● Work to be completed: Copy out each line below in which the string "forall" appears.

● Records provided:
───

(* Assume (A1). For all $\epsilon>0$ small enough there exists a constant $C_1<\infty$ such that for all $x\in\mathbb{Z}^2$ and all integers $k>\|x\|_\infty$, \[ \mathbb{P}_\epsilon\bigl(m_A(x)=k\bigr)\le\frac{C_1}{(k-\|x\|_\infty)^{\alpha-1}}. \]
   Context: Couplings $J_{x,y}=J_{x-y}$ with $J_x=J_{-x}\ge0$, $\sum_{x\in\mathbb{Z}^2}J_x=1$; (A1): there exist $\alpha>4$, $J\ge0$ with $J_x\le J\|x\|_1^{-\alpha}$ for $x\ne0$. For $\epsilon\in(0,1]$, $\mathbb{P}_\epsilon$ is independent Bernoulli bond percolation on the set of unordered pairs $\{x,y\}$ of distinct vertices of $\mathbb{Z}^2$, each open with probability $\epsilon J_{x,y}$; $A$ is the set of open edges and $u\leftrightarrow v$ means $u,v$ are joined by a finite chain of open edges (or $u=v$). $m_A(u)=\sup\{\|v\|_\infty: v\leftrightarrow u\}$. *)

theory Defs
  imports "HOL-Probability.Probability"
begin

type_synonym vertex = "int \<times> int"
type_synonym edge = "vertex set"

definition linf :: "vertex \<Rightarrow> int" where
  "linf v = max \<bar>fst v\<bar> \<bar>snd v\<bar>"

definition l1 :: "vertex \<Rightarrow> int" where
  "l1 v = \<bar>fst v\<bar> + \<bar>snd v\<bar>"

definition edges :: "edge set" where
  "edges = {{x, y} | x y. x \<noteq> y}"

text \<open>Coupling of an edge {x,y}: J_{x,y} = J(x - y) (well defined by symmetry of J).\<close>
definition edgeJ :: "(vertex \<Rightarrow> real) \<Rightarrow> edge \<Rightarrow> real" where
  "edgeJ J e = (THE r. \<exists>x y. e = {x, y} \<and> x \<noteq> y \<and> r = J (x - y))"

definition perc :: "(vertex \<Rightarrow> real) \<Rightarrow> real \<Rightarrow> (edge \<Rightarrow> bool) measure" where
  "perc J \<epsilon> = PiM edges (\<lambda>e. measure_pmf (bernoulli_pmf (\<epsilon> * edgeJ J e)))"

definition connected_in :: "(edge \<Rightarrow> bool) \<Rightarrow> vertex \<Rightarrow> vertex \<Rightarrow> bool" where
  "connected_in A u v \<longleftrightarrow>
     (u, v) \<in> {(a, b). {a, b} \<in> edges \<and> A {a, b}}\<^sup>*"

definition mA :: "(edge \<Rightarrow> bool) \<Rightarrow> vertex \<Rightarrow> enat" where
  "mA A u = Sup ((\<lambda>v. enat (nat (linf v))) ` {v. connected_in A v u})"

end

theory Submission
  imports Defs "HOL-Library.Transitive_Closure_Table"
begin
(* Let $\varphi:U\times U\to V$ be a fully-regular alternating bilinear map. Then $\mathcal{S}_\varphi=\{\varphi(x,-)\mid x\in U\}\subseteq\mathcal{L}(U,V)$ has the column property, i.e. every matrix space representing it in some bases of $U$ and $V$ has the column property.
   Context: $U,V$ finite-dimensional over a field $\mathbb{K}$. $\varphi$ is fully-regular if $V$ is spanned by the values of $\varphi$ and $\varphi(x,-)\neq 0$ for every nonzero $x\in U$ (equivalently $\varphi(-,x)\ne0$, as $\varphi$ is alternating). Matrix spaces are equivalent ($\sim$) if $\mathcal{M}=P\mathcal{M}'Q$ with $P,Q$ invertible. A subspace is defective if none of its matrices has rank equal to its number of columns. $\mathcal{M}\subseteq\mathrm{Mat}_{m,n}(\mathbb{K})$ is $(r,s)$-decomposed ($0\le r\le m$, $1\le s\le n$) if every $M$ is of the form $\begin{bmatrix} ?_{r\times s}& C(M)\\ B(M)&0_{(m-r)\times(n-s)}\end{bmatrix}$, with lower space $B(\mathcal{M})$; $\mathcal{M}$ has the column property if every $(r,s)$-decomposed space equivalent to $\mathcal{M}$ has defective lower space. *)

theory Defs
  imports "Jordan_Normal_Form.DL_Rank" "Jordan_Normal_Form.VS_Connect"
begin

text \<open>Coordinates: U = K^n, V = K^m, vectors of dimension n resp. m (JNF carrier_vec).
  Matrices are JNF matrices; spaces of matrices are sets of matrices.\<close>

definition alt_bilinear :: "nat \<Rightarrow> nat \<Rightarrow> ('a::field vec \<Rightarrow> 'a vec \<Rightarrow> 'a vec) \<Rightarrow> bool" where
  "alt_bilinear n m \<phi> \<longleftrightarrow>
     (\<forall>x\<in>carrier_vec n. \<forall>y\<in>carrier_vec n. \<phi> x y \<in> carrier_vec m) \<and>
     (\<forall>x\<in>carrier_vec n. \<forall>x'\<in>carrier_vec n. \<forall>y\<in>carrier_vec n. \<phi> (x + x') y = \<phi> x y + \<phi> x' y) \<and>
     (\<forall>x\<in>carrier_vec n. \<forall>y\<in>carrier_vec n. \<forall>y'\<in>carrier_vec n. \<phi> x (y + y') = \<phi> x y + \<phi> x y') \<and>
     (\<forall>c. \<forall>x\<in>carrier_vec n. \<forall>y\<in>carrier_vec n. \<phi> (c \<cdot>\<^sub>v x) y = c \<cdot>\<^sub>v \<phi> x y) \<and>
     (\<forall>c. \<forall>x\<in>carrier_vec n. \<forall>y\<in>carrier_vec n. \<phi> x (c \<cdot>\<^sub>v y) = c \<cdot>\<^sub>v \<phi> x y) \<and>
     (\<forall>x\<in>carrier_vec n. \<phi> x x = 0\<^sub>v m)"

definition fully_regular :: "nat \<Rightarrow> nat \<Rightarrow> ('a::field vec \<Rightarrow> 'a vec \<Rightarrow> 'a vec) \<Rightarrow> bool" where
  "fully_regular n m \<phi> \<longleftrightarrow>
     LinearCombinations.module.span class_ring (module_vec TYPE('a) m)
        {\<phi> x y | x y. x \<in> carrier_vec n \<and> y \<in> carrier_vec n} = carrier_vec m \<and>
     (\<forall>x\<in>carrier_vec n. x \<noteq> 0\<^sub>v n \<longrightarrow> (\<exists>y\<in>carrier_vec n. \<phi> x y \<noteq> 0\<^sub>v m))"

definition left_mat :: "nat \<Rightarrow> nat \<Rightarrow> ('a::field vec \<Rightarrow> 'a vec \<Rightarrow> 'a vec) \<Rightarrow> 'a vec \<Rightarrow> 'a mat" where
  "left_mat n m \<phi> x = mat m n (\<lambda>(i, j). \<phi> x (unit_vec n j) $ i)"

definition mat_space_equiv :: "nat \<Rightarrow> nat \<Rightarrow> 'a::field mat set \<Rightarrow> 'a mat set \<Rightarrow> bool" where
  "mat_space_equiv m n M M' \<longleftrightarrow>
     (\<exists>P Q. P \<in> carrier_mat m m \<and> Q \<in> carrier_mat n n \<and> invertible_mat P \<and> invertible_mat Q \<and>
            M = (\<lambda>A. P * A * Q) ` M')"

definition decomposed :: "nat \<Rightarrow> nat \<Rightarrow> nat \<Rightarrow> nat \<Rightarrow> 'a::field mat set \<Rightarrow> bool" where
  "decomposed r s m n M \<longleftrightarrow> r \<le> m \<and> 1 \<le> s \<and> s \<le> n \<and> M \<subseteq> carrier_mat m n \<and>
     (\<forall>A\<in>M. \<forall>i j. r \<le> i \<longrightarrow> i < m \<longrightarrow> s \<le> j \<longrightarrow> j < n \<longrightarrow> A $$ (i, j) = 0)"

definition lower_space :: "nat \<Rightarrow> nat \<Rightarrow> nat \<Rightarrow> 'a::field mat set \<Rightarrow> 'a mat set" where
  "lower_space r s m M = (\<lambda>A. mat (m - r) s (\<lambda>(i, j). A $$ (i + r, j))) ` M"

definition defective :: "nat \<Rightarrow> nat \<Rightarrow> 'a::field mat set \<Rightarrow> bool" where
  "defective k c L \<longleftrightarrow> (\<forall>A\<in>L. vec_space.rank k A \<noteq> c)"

───

● Task output:
     (\<forall>x\<in>carrier_vec n. \<forall>y\<in>carrier_vec n. \<phi> x y \<in> carrier_vec m) \<and>
     (\<forall>x\<in>carrier_vec n. \<forall>x'\<in>carrier_vec n. \<forall>y\<in>carrier_vec n. \<phi> (x + x') y = \<phi> x y + \<phi> x' y) \<and>
     (\<forall>x\<in>carrier_vec n. \<forall>y\<in>carrier_vec n. \<forall>y'\<in>carrier_vec n. \<phi> x (y + y') = \<phi> x y + \<phi> x y') \<and>
     (\<forall>c. \<forall>x\<in>carrier_vec n. \<forall>y\<in>carrier_vec n. \<phi> (c \<cdot>\<^sub>v x) y = c \<cdot>\<^sub>v \<phi> x y) \<and>
     (\<forall>c. \<forall>x\<in>carrier_vec n. \<forall>y\<in>carrier_vec n. \<phi> x (c \<cdot>\<^sub>v y) = c \<cdot>\<^sub>v \<phi> x y) \<and>
     (\<forall>x\<in>carrier_vec n. \<phi> x x = 0\<^sub>v m)"
     (\<forall>x\<in>carrier_vec n. x \<noteq> 0\<^sub>v n \<longrightarrow> (\<exists>y\<in>carrier_vec n. \<phi> x y \<noteq> 0\<^sub>v m))"
     (\<forall>A\<in>M. \<forall>i j. r \<le> i \<longrightarrow> i < m \<longrightarrow> s \<le> j \<longrightarrow> j < n \<longrightarrow> A $$ (i, j) = 0)"
  "defective k c L \<longleftrightarrow> (\<forall>A\<in>L. vec_space.rank k A \<noteq> c)"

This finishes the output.